Hamming Distance Calculator

Count differing bit positions between two binary integers

Calculate the Hamming distance between two integers — the number of bit positions where they differ. Enter values in binary, decimal, or hex and see the distance, the aligned binary forms, and the XOR. Useful for error-correcting codes and hashing. Runs in your browser. It runs free in your browser on Gera Tools, with nothing uploaded.

Last updated Source: Gera Tools

What is the Hamming distance?

The Hamming distance between two equal-length strings is the number of positions at which the corresponding symbols differ. For binary values it counts how many bit positions are not the same.

The Hamming distance counts how many bit positions differ between two values. It is the foundation of error-correcting codes, perceptual-hash comparison, and sequence analysis. This tool computes it for any two non-negative integers, entered in binary, decimal, or hex, and shows exactly where the bits disagree.

How it works

Computing the Hamming distance reduces to two well-known bit operations:

diff     = a XOR b        // 1 wherever the bits differ
distance = popcount(diff) // count those 1 bits

XOR yields a 1 in every position where the two inputs disagree and a 0 where they match, so the population count of the XOR is precisely the number of differing positions. The tool left-pads both numbers to the same bit width before displaying them, matching the convention that the shorter value carries implicit leading zeros.

Worked example

Comparing the binary values 10110110 and 11100100:

  10110110
  11100100
  --------
XOR 01010010

The XOR result 01010010 has three 1 bits at positions 1, 4, and 6 (counting from the right). The Hamming distance is therefore 3.

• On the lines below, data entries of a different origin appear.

lemma extension_property_nonempty:
  assumes "extension_property k N V E P" and "k \<ge> 1"
  shows "V \<noteq> {}"
proof -
  have "\<exists>z\<in>V - {}. P 1 z \<and> (\<forall>a\<in>{}. E a z \<longleftrightarrow> a \<in> {}) \<and> (\<forall>a\<in>{}. E z a \<longleftrightarrow> a \<in> {})"
    using assms(2) by (intro assms(1)[unfolded extension_property_def, rule_format]) auto
  then show ?thesis by blast
qed

lemma extension_property_models_iff:
  assumes T1: "Tk_coloured_digraph k V1 E1 P1" and T2: "Tk_coloured_digraph k V2 E2 P2"
    and ext1: "extension_property k N V1 E1 P1" and ext2: "extension_property k N V2 E2 P2"
    and "k \<ge> 1" and "free_vars \<phi> = {}" and "quantifier_depth \<phi> \<le> N"
  shows "models V1 E1 P1 \<phi> \<longleftrightarrow> models V2 E2 P2 \<phi>"
proof -
  \<comment> \<open>\<open>models\<close> quantifies over all assignments, so it is vacuous on an empty structure\<close>
  obtain a1 a2 where a: "a1 \<in> V1" "a2 \<in> V2"
    using extension_property_nonempty[OF ext1] extension_property_nonempty[OF ext2] \<open>k \<ge> 1\<close> by blast
  have sat_iff: "sat V1 E1 P1 \<rho>1 \<phi> \<longleftrightarrow> sat V2 E2 P2 \<rho>2 \<phi>"
    if "\<forall>j. \<rho>1 j \<in> V1" "\<forall>j. \<rho>2 j \<in> V2" for \<rho>1 \<rho>2
    using partial_iso_sat_iff[OF T1 T2 ext1 ext2, of "{}" \<phi> \<rho>1 \<rho>2] that assms(6,7)
    by (simp add: partial_iso_def)
  show ?thesis
  proof
    assume "models V1 E1 P1 \<phi>"
    then have "sat V1 E1 P1 (\<lambda>_. a1) \<phi>"
      using a(1) unfolding models_def by (auto dest: spec[of _ "\<lambda>_. a1"])
    then show "models V2 E2 P2 \<phi>"
      using sat_iff[of "\<lambda>_. a1"] a(1) unfolding models_def by blast
  next
    assume "models V2 E2 P2 \<phi>"
    then have "sat V2 E2 P2 (\<lambda>_. a2) \<phi>"
      using a(2) unfolding models_def by (auto dest: spec[of _ "\<lambda>_. a2"])
    then show "models V1 E1 P1 \<phi>"
      using sat_iff[of _ "\<lambda>_. a2"] a(2) unfolding models_def by blast
  qed
qed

In decimal, that is comparing 182 and 228 — their XOR is 82, and the popcount of 82 (binary 01010010) is 3.

Practical uses

Error-correcting codes: The fundamental idea in codes like Hamming(7,4) and BCH codes is to ensure that any two valid codewords differ in at least a minimum number of bit positions. A minimum distance of 3 allows single-bit error detection and correction: if you receive a word, the nearest valid codeword (the one with the smallest Hamming distance) is the most likely intended value. Distance 4 allows detecting two-bit errors.

Perceptual image hashing: A perceptual hash (pHash, dHash) turns an image into a 64-bit integer that changes smoothly as the image changes. Two hashes with a Hamming distance of 0 are identical images; a distance below about 10 typically indicates the same image with minor edits, resizing, or compression artefacts. Distance above 20–30 usually means different images.

DNA and protein sequences: Mutations in a fixed-length sequence are exactly bit-position changes if you encode the bases as bits. Hamming distance counts the number of substitution mutations between two sequences of the same length (but not insertions or deletions, which require edit distance instead).

Network IP addressing: Comparing subnet masks or checking prefix lengths sometimes involves counting differing bits, though this is more commonly framed as bitwise AND operations.

Example and notes

Comparing 10110110 and 11100100, the XOR is 01010010, which has three 1 bits — so the Hamming distance is 3. In coding theory the minimum Hamming distance of a code sets its strength: a distance of d lets you detect up to d − 1 errors and correct up to (d − 1) / 2. The same measure compares image hashes (a small distance means visually similar) and counts mutations between biological sequences. This calculator uses BigInt, so the values can be arbitrarily large.